> WHAT IS EXPECTED
Reproduce, with no alteration, the span of lines that begins at the line containing "using graph_plan_gPFP[OF assms(3)]" and ends at the last line of the records, both ends included, and nothing else.

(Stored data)
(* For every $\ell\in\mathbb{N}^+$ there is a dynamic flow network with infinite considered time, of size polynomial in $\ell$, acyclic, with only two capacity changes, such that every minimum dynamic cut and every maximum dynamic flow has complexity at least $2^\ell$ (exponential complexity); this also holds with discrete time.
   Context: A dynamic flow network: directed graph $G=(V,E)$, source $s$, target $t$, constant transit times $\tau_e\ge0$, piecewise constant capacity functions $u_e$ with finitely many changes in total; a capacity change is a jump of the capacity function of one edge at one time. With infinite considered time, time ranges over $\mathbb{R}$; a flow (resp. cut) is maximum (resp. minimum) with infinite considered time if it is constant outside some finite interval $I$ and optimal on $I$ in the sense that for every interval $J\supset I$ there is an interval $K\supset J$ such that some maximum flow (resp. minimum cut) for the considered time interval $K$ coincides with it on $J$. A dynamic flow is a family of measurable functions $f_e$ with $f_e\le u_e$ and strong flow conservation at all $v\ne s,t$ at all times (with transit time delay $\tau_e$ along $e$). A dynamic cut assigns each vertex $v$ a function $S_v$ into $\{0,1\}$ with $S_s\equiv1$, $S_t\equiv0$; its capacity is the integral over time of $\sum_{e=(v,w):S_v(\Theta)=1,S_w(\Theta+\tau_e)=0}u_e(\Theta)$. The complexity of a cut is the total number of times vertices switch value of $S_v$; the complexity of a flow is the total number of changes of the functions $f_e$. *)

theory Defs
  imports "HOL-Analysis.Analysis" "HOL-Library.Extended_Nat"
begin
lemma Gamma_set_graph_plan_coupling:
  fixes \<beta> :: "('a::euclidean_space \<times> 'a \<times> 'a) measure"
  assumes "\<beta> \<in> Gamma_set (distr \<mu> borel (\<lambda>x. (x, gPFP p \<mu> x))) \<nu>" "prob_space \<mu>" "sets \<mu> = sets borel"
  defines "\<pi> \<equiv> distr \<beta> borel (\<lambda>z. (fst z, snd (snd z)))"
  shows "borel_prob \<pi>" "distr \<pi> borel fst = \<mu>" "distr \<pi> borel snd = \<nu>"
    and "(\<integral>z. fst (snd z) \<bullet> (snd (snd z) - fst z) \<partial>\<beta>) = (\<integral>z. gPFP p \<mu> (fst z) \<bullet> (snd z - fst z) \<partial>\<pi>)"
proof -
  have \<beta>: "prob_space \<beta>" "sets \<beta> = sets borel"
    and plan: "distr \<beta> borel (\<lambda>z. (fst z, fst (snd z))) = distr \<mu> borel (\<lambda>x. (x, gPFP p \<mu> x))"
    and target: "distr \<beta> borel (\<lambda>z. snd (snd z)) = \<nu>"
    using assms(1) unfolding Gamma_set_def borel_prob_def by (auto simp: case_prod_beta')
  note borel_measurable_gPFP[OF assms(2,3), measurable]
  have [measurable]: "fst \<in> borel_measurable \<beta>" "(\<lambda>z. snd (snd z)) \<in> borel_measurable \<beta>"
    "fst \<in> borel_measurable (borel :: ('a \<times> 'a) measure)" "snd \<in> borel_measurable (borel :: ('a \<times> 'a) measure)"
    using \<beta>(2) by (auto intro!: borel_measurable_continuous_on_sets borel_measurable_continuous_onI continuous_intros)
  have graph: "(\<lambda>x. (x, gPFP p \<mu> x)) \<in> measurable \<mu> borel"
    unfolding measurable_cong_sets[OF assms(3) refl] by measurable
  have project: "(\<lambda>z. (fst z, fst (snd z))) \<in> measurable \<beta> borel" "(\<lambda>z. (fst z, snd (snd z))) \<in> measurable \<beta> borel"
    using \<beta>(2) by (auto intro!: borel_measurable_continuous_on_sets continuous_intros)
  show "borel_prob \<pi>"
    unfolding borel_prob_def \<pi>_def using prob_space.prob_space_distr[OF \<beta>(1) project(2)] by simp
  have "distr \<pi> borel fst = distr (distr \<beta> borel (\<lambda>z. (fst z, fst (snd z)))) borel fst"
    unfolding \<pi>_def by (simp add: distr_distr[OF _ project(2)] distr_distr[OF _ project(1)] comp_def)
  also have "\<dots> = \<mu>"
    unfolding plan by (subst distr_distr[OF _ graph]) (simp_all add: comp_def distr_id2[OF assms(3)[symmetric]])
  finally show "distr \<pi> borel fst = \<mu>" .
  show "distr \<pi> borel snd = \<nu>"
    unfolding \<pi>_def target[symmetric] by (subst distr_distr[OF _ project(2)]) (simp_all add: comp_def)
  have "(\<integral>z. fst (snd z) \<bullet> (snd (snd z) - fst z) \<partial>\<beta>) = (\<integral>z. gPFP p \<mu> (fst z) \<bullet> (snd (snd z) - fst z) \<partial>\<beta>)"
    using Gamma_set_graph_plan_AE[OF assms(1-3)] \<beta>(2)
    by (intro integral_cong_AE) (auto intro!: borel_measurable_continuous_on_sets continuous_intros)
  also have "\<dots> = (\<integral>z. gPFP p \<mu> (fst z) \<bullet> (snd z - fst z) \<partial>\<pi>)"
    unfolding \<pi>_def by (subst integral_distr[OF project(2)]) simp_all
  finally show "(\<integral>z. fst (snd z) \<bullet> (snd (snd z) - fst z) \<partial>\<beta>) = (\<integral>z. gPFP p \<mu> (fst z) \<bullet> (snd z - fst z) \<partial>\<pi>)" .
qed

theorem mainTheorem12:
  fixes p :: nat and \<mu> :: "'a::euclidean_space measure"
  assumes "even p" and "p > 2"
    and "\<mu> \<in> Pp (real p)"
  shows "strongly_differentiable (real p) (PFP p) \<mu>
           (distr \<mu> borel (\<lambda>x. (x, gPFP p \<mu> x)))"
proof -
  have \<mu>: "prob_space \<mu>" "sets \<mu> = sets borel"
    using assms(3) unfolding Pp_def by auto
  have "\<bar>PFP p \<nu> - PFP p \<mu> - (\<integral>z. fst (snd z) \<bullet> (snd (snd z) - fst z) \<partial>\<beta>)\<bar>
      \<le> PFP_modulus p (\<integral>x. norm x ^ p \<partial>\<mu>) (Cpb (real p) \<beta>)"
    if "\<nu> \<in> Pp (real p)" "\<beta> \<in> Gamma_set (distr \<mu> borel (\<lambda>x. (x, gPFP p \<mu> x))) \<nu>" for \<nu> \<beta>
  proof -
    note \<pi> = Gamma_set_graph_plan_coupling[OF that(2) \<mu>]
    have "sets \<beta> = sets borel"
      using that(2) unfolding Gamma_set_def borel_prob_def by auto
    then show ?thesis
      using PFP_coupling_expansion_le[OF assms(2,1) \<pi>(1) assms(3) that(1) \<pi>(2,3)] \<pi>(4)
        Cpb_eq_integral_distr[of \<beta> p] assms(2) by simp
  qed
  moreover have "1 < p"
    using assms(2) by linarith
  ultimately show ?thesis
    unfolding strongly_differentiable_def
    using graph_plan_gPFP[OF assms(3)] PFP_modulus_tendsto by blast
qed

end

> THE ANSWER
    using graph_plan_gPFP[OF assms(3)] PFP_modulus_tendsto by blast
qed

end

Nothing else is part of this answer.